POR QUÊ?/¿POR QUÉ?/WHY?

Andrea: Numa cidade tão grande como São Paulo, a gente sempre fica muito perdido quando chega, sem saber pra onde ir. E um lugar que me trouxe segurança quando cheguei foi o Centro Cultural. Eu sabia que podia ficar aqui, me sentia tranquila, segura, e ao mesmo tempo podia ler, fazer um monte de coisas. Na verdade, o que mais me ensinou sobre São Paulo e sobre o Centro Cultural foram as aulas de dança. Eu sou de Santiago, uma cidade que até cinco anos tinha muito pouca imigração, pouca diversidade, e eu entrava aqui e tinha um monte de japoneses, velhinhos, pessoas em situação de rua, e todo mundo dançando junto, sem olhar com desconfiança pro outro. Isso é maravilhoso, pra mim foi muito bacana. O Centro Cultural, pra mim, representa a cidade, o coração da cidade, a diversidade.

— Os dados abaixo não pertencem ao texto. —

(* Let $n\ge2$. The permutation representation $\rho_2^{\mathbb{C}}$ of $S_n$ does not unite conjugacy classes: if $\sigma,\tau\in S_n$ and $\rho_2^{\mathbb{C}}(\sigma)$ is similar to $\rho_2^{\mathbb{C}}(\tau)$ in $GL(n(n-1),\mathbb{C})$, then $\sigma$ and $\tau$ are conjugate in $S_n$.
   Context: For $1\le k\le n$, $\rho_k^{\mathbb{F}}$ denotes the permutation representation over the field $\mathbb{F}$ of $S_n$ arising from its action on ordered $k$-tuples $(i_1,\dots,i_k)$ of distinct elements of $\{1,\dots,n\}$, given by $\pi\cdot(i_1,\dots,i_k)=(\pi(i_1),\dots,\pi(i_k))$. A representation $T$ of $G$ unites conjugacy classes if there are non-conjugate $\sigma,\tau\in G$ with $T(\sigma),T(\tau)$ similar matrices. *)

theory Defs
  imports "HOL-Combinatorics.Permutations" "Jordan_Normal_Form.Matrix"
begin

text \<open>Ordered pairs (i,j) of distinct elements of {1..n}, enumerated in a fixed order;
  they index the standard basis of the permutation module of rho_2.\<close>
definition pairs2 :: "nat \<Rightarrow> (nat \<times> nat) list" where
  "pairs2 n = [(i, j). i \<leftarrow> [1..<Suc n], j \<leftarrow> [1..<Suc n], i \<noteq> j]"

definition rho2 :: "nat \<Rightarrow> (nat \<Rightarrow> nat) \<Rightarrow> complex mat" where
  "rho2 n \<sigma> = mat (n * (n - 1)) (n * (n - 1))
     (\<lambda>(r, c). if pairs2 n ! r = (\<sigma> (fst (pairs2 n ! c)), \<sigma> (snd (pairs2 n ! c)))
               then 1 else 0)"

Andrea: En una ciudad tan grande como San Pablo una siempre queda muy perdida cuando llega, sin saber a dónde ir. Y un lugar que me daba seguridad cuando llegué fue el Centro Cultural. Yo sabía que podía estar aquí, me sentía tranquila, segura, y al mismo tiempo podía leer, hacer un montón de cosas. En verdad lo que más me enseñó sobre San Pablo y sobre el Centro Cultural fueron las clases de danza de salón. Yo soy de Santiago, una ciudad que hace cinco años tenía muy poca migración, poca diversidad, y entraba aquí y había un montón de japoneses, viejitos, personas en situación de calle y todos bailando juntos, sin mirar con desconfianza al otro. Eso es maravilloso, para mi fue muy importante. El Centro Cultural representa para mi la ciudad, el corazón de la ciudad, la diversidad.

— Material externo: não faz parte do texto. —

(* Let $\sigma:\mathbb R^n\to\mathbb R^{n\times m}$ be of class $C^1$, $u:\mathbb R^n\to\mathbb R$ of class $C^2$ and $\bar x\in\mathbb R^n$. Consider $$h(a_1,a_2)=K(\bar x)\begin{pmatrix}a_1\\ a_2\end{pmatrix}\cdot \begin{pmatrix}a_1\\ a_2\end{pmatrix},\qquad a_1,a_2\in\mathbb R^m,\ |a_1|,|a_2|\leq 1.$$ Then the minimum of $h$ is nonpositive. If this minimum is negative, then it is attained at an eigenvector $v=(a_1,a_2)$ of $K(\bar x)$ associated with the minimal eigenvalue $\lambda$ of $K(\bar x)$, with $|a_1|=|a_2|=1$ and $h(v)=2\lambda$.
   Context: With $\sigma_i$ the columns of $\sigma$, $\nabla u\,\sigma(x)=(\nabla u(x)\cdot\sigma_1(x),\dots,\nabla u(x)\cdot\sigma_m(x))$ and $D(\nabla u\,\sigma)$ its $m\times n$ Jacobian, define $S(x)={}^t\sigma(x)\,{}^tD(\nabla u\,\sigma)(x)\in\mathbb R^{m\times m}$, $S^*=\frac12(S+{}^tS)$ and the symmetric matrix $K(x)=\begin{pmatrix}S^*(x)&{}^tS(x)\\ S(x)&S^*(x)\end{pmatrix}\in\mathbb R^{2m\times2m}$. *)

theory Defs
  imports "HOL-Analysis.Analysis"
begin

definition C1_map :: "('a::real_normed_vector \<Rightarrow> 'b::real_normed_vector) \<Rightarrow> bool" where
  "C1_map f \<longleftrightarrow> (\<exists>D. (\<forall>x. (f has_derivative blinfun_apply (D x)) (at x)) \<and> continuous_on UNIV D)"

definition grad :: "(real^'n \<Rightarrow> real) \<Rightarrow> real^'n \<Rightarrow> real^'n" where
  "grad u x = (\<chi> i. frechet_derivative u (at x) (axis i 1))"

definition C2_fun :: "(real^'n \<Rightarrow> real) \<Rightarrow> bool" where
  "C2_fun u \<longleftrightarrow> (\<forall>x. u differentiable (at x)) \<and> C1_map (grad u)"

text \<open>sigma(x) is an n x m matrix (n rows indexed by 'n, m columns indexed by 'm);
  nabla u sigma (x) = (grad u x . sigma_1 x, ..., grad u x . sigma_m x).\<close>
definition grad_sigma :: "(real^'n \<Rightarrow> real) \<Rightarrow> (real^'n \<Rightarrow> real^'m^'n) \<Rightarrow> real^'n \<Rightarrow> real^'m" where
  "grad_sigma u \<sigma> x = (\<chi> i. grad u x \<bullet> column i (\<sigma> x))"

definition D_grad_sigma :: "(real^'n \<Rightarrow> real) \<Rightarrow> (real^'n \<Rightarrow> real^'m^'n) \<Rightarrow> real^'n \<Rightarrow> real^'n^'m" where
  "D_grad_sigma u \<sigma> x = matrix (frechet_derivative (grad_sigma u \<sigma>) (at x))"

definition S_mat :: "(real^'n \<Rightarrow> real) \<Rightarrow> (real^'n \<Rightarrow> real^'m^'n) \<Rightarrow> real^'n \<Rightarrow> real^'m^'m" where
  "S_mat u \<sigma> x = transpose (\<sigma> x) ** transpose (D_grad_sigma u \<sigma> x)"

definition S_sym :: "(real^'n \<Rightarrow> real) \<Rightarrow> (real^'n \<Rightarrow> real^'m^'n) \<Rightarrow> real^'n \<Rightarrow> real^'m^'m" where
  "S_sym u \<sigma> x = (1/2) *\<^sub>R (S_mat u \<sigma> x + transpose (S_mat u \<sigma> x))"

text \<open>The 2m x 2m block matrix K, indices in 'm + 'm (Inl = first block, Inr = second block).\<close>
definition K_mat :: "(real^'n \<Rightarrow> real) \<Rightarrow> (real^'n \<Rightarrow> real^'m^'n) \<Rightarrow> real^'n \<Rightarrow> real^('m + 'm)^('m + 'm)" where
  "K_mat u \<sigma> x = (\<chi> p q. case (p, q) of
      (Inl i, Inl j) \<Rightarrow> S_sym u \<sigma> x $ i $ j
    | (Inl i, Inr j) \<Rightarrow> transpose (S_mat u \<sigma> x) $ i $ j
    | (Inr i, Inl j) \<Rightarrow> S_mat u \<sigma> x $ i $ j
    | (Inr i, Inr j) \<Rightarrow> S_sym u \<sigma> x $ i $ j)"

definition stack :: "real^'m \<Rightarrow> real^'m \<Rightarrow> real^('m + 'm)" where
  "stack a1 a2 = (\<chi> p. case p of Inl i \<Rightarrow> a1 $ i | Inr i \<Rightarrow> a2 $ i)"

definition h_fun :: "(real^'n \<Rightarrow> real) \<Rightarrow> (real^'n \<Rightarrow> real^'m^'n) \<Rightarrow> real^'n \<Rightarrow> real^'m \<Rightarrow> real^'m \<Rightarrow> real" where
  "h_fun u \<sigma> x a1 a2 = (K_mat u \<sigma> x *v stack a1 a2) \<bullet> stack a1 a2"

definition mat_eigenvalue :: "real^'k^'k \<Rightarrow> real \<Rightarrow> bool" where
  "mat_eigenvalue A l \<longleftrightarrow> (\<exists>v. v \<noteq> 0 \<and> A *v v = l *\<^sub>R v)"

Andrea: In a city as big as São Paulo, we always get lost when we get here, without knowing where to go. A place that made me feel safe when I arrived was the Centro Cultural. I knew that I could stay here. I felt calm, safe and at the same time I could read and do a bunch of other things. In truth, what taught me the most about São Paulo and the Centro Cultural were the dance classes. I’m from Santiago, a city that until about five years ago had few immigrants, little diversity. I came here and there were a ton of Japanese people, older folks, people who live on the streets, and everyone was dancing together without distrusting each other. That is amazing, for me it was awesome. The Centro Cultural, for me, represents the city, the heart of the city, diversity.

Sam: Porque é um espaço que mostra a diversidade, como a Andrea falou. Você vê pessoas dançando diferentes tipos de dança, também tem um monte de tipos de arte, tem jardins, tem pessoas brincando… É um espaço pra mostrar a variedade de gostos, de pessoas. Isso é uma das coisas mais legais de morar numa metrópole como esta, que traz tantas pessoas de diversas regiões e com várias ideias, tradições, religiões… Tudo isso faz uma mistura tão linda, que a gente vê aqui no Centro Cultural.

Sam: Porque es un espacio que muestra la diversidad, como dijo Andrea. Tú ves personas bailando diferentes estilos, también hay un montón de tipos de arte, hay jardines, personas jugando… Es un lugar para mostrar la variedad de gustos, de personas. Esa es una de las cosas más interesantes de vivir en una metrópolis como esta que trae tantas personas de diversas regiones con ideas variadas, tradiciones, religiones… Todo eso resulta en esa mezcla tan linda que vemos aquí en el Centro Cultural.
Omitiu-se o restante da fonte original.